• RU
  • icon Waiting For Moderation: 0
Menu

Drawings on the course "machine part"

  • Added: 11.08.2012
  • Size: 335 KB
  • Downloads: 1
Find out how to download this material

Description

many drawings, inventory

Project's Content

icon
icon
icon
icon
icon 123.m3d
icon Муфта А4.cdw
icon Пояснительная записка моя.doc
icon Разрез 1.cdw
icon Разрез 2.cdw
icon Разрез 3.cdw
icon Разрез 4.cdw
icon РАЗРЕЗЫ А1(1).cdw
icon РАЗРЕЗЫ А1.CDW
icon РАЗРЕЗЫ А3(1).cdw
icon Рамки.doc
icon РЕДУКТОР А1(1).cdw
icon РЕДУКТОР А1.CDW
icon Спецификация.doc
icon LV2250.02.01.100 (4ertim).cdw
icon priv_cepconv.cdw
icon Reduktor.cdw
icon Рама1.cdw

Additional information

Contents

Introduction

Kinematic calculation of the drive

Calculation of chain transmission

Justification of selection of standard units and parts

Recommendations for selection of oil and lubrication of units

Brief description of drive assembly and maintenance

Design Design TB Requirements

List of literature

Specification

Introduction

Mechanical mixing of various foodstuffs is widespread in catering enterprises. Mixing is used when preparing dough, mince, salads, creams and the like.

The essence of mixing consists in formation of a new homogeneous product from individual particles of heterogeneous products. At the same time, heterogeneous particles of the product are carried away in motion by working tools of mixing machines, which mix these particles from one place to another in different directions, evenly distributing them throughout the entire volume.

With mechanical stirring, a wide variety of working tools are used: plates, curved rods, shaped, frame, propeller and other blades that move in different planes.

Working tools for dough preparation and whipped mixtures are most often of a more complex design and must move to provide mixing of the product in different directions. The resulting product should be uniform, ductile (for dough) and with uniform, stable air saturation of the mixture (for whipped mixtures).

Intensity of mechanical action of working elements on processed product is determined mainly by length of mixing, speed of their relative movement, as well as surface of working elements.

An increase in the speed of the working elements leads to an acceleration of the mixing process, but at the same time the power effect on the product increases, which can lead to an unacceptable change in the properties of the mixture.

For these reasons, for each type of mixture of food products, specific forms of working organs are used and regime parameters (speed of movement and duration of treatment) are empirically set for them.

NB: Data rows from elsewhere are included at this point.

text \<open>Multiplying by a power of the unit \<open>1 + (Y - b)\<^bsup>q-1\<^esup>\<close> turns every monomial
  \<open>(X - a)\<^sup>k (Y - b)\<^bsup>s-k\<^esup>\<close> of the definition of \<open>val_ge\<close> into a multiple of \<open>(X - a)\<^sup>s\<close>.\<close>

lemma vanishes_to_if_val_ge:
  fixes P :: "'a \<times> 'a"
  assumes P: "P \<in> hpts q" and val: "val_ge q P s F"
  shows "vanishes_to q P s F"
proof -
  obtain g c u where g: "evalH g P \<noteq> 0"
    and gF: "g * F = (\<Sum>k\<le>s. c k * x_minus (fst P) ^ k * y_minus (snd P) ^ (s - k)) + u * hermH q"
    using val unfolding val_ge_def x_minus_def y_minus_def by blast
  obtain a b where ab: "P = (a, b)"
    by fastforce
  define U where "U = 1 + y_minus b ^ (q - 1)"
  obtain w where w: "heq q (y_minus b * U) (x_minus a * w)"
    using y_minus_mult_x_minus P unfolding ab U_def by blast
  have monomial_heq: "heq q (U ^ s * (c k * x_minus a ^ k * y_minus b ^ (s - k)))
      (x_minus a ^ s * (c k * w ^ (s - k) * U ^ k))" if "k \<le> s" for k
  proof -
    have "U ^ s = U ^ k * U ^ (s - k)" "x_minus a ^ s = x_minus a ^ k * x_minus a ^ (s - k)"
      using that by (simp_all flip: power_add)
    then have "U ^ s * (c k * x_minus a ^ k * y_minus b ^ (s - k)) =
        c k * x_minus a ^ k * U ^ k * (y_minus b * U) ^ (s - k)"
      by (simp add: power_mult_distrib mult_ac)
    also have "heq q \<dots> (c k * x_minus a ^ k * U ^ k * (x_minus a * w) ^ (s - k))"
      by (intro heq_mult_left heq_power w)
    also have "c k * x_minus a ^ k * U ^ k * (x_minus a * w) ^ (s - k) =
        x_minus a ^ s * (c k * w ^ (s - k) * U ^ k)"
      using \<open>x_minus a ^ s = x_minus a ^ k * x_minus a ^ (s - k)\<close>
      by (simp add: power_mult_distrib mult_ac)
    finally show ?thesis .
  qed
  have "heq q (g * F) (\<Sum>k\<le>s. c k * x_minus a ^ k * y_minus b ^ (s - k))"
    unfolding gF ab by (simp add: heq_def)
  then have "heq q (U ^ s * (g * F)) (U ^ s * (\<Sum>k\<le>s. c k * x_minus a ^ k * y_minus b ^ (s - k)))"
    by (rule heq_mult_left)
  also have "heq q \<dots> (\<Sum>k\<le>s. x_minus a ^ s * (c k * w ^ (s - k) * U ^ k))"
    unfolding sum_distrib_left by (intro heq_sum monomial_heq) simp
  finally have "heq q ((U ^ s * g) * F) (x_minus a ^ s * (\<Sum>k\<le>s. c k * w ^ (s - k) * U ^ k))"
    by (simp add: sum_distrib_left mult.assoc)
  moreover have "evalH (U ^ s * g) P \<noteq> 0"
    using g q_ge_2 ab by (simp add: U_def zero_power)
  ultimately show ?thesis
    using ab by (intro vanishes_toI) simp_all
qed

lemma val_ge_iff_vanishes_to:
  fixes P :: "'a \<times> 'a"
  shows "P \<in> hpts q \<Longrightarrow> val_ge q P s F \<longleftrightarrow> vanishes_to q P s F"
  using vanishes_to_if_val_ge val_ge_if_vanishes_to by blast

end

Depending on the process, mixing equipment can be divided into three groups:

- for mixing loose products (machines for production of salads, vinaigrettes);

- for mixing plastic products (dough kneading machines, stuffing machines);

- for mixing liquid, viscous products (whipping machines).

According to the structure of the working cycle, periodic and continuous machines are distinguished.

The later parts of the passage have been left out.